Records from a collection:

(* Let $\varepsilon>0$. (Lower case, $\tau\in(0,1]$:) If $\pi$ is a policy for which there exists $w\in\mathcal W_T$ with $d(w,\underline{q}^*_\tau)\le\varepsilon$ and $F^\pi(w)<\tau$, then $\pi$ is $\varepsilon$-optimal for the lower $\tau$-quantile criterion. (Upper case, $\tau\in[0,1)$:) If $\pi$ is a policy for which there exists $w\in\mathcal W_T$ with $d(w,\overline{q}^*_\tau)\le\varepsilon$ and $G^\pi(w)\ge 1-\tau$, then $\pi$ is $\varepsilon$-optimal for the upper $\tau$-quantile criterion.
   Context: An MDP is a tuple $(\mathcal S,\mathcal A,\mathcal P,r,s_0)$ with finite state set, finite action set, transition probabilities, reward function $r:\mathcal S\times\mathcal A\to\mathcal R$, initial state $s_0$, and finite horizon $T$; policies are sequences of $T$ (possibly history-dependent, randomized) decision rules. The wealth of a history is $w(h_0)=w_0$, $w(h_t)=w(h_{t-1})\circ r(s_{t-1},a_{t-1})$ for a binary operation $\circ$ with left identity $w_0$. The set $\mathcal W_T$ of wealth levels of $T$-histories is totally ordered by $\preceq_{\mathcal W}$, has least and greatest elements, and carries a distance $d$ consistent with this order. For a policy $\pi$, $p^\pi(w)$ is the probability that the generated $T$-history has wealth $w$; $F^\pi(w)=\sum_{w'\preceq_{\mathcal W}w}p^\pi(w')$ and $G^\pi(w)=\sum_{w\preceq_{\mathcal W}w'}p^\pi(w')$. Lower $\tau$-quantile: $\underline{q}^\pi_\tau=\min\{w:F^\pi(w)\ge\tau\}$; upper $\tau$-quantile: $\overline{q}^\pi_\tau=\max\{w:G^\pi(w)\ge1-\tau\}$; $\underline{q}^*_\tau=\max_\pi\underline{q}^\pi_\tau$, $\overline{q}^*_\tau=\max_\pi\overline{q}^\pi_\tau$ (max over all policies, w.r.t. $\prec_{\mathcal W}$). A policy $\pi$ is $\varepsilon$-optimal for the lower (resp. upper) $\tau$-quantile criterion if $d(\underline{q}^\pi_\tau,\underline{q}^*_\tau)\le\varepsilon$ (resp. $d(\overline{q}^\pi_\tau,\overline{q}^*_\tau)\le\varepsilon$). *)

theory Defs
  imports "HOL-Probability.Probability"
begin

* * *

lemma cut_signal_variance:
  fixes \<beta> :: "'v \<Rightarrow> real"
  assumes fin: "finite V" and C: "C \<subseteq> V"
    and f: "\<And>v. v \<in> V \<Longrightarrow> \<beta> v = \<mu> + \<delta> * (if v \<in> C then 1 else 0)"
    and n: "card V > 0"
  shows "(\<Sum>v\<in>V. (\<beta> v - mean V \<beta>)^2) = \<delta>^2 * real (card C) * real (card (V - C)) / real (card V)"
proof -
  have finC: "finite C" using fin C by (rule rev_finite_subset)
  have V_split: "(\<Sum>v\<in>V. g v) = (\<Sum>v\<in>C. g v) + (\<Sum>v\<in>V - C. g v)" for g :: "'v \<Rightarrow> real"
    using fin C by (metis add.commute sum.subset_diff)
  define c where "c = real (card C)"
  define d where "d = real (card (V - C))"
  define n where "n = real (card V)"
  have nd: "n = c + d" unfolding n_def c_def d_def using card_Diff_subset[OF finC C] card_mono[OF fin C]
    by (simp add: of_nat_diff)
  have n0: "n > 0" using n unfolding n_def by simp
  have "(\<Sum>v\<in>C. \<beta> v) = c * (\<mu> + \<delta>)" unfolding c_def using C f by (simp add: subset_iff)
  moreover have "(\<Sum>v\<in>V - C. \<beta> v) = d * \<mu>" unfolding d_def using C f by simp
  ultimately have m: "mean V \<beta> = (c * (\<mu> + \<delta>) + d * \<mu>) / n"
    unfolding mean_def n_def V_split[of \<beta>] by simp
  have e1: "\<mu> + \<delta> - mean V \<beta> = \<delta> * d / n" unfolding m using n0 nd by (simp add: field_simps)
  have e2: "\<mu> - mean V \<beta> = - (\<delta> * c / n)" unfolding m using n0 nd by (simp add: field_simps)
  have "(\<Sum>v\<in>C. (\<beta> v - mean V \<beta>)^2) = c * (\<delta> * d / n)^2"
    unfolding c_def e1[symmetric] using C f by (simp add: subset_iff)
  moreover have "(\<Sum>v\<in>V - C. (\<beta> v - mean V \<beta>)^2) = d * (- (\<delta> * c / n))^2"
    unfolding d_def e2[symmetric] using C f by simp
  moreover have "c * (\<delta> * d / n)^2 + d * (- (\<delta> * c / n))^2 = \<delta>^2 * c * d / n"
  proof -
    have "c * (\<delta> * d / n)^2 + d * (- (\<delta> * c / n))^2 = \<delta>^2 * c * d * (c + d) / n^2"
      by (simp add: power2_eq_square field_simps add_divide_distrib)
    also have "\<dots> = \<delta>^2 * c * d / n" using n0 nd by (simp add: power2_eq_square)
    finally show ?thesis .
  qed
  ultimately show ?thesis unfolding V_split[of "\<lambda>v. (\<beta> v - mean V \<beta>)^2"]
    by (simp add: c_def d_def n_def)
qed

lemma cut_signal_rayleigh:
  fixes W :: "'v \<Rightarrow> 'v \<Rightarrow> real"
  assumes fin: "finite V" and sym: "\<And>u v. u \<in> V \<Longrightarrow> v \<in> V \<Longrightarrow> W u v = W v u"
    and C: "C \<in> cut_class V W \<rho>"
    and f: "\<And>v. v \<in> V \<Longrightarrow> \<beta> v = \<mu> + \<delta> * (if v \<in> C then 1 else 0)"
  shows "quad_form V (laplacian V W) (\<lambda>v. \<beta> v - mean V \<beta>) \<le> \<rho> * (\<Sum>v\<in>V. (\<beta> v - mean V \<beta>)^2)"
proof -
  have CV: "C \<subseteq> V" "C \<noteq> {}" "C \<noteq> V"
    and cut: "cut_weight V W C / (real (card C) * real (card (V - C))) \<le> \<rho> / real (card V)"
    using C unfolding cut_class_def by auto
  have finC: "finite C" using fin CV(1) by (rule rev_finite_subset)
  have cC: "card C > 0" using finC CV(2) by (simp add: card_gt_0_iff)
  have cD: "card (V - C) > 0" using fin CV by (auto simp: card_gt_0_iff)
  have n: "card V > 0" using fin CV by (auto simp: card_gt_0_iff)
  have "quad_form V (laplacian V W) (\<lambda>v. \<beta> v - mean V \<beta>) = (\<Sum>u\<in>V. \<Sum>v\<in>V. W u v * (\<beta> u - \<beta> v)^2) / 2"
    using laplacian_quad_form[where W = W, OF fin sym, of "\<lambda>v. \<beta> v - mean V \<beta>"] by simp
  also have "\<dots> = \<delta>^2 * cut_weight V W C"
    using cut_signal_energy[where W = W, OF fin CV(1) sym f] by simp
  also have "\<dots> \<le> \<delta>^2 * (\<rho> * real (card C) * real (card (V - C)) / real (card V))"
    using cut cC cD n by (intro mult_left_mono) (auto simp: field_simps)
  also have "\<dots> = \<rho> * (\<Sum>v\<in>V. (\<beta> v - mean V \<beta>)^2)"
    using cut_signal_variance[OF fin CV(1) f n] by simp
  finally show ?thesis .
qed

...

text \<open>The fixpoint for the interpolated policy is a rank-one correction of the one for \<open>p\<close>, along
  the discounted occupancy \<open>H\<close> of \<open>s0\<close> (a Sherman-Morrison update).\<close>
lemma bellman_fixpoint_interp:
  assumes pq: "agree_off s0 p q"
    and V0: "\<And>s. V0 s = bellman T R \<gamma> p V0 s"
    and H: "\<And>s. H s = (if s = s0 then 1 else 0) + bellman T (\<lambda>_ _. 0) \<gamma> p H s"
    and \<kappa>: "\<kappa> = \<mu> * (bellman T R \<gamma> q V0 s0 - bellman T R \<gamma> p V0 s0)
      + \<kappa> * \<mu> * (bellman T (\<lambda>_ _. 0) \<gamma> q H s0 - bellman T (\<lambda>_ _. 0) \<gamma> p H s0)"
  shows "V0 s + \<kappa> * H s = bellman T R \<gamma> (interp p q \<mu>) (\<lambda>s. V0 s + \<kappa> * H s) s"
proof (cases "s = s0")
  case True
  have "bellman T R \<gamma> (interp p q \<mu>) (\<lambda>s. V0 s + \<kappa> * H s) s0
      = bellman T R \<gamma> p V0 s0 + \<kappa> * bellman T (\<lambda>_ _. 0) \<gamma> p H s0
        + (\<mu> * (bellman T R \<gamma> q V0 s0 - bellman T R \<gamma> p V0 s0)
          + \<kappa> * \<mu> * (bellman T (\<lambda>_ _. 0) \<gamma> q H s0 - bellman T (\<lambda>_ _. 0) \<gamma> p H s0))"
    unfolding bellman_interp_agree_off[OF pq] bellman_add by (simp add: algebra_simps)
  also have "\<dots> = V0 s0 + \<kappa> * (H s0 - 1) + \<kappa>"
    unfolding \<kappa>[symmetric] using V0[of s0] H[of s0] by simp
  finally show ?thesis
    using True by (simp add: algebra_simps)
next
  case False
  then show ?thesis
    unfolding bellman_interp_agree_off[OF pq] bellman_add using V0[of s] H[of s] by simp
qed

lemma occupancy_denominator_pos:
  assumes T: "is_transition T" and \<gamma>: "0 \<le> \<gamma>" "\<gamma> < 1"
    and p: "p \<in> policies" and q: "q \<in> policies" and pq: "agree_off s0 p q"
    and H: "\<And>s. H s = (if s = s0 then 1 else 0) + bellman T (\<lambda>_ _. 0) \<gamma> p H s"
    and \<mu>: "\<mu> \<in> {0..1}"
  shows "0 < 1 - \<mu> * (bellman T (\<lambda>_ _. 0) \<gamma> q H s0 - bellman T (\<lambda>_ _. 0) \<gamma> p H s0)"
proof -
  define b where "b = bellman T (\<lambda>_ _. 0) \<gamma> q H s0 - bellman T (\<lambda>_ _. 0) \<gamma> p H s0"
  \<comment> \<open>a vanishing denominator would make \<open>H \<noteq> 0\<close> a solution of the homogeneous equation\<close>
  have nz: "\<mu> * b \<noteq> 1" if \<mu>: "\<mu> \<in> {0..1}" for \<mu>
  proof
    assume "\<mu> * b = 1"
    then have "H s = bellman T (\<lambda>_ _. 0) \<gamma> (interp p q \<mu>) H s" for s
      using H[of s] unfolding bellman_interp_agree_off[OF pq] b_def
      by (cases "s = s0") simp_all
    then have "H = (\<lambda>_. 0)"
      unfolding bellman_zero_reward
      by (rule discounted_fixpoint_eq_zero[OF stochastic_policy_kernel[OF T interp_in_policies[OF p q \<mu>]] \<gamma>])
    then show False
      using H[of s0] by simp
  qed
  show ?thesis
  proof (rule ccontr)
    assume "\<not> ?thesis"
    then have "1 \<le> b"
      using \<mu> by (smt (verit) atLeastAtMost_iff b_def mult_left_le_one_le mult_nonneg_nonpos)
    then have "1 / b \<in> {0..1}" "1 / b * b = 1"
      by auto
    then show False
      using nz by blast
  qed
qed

* [Your assignment]: From the lines above, copy those that contain the word "finally".

* [Solved problem]:
    finally show ?thesis .
  finally show ?thesis .
  finally show ?thesis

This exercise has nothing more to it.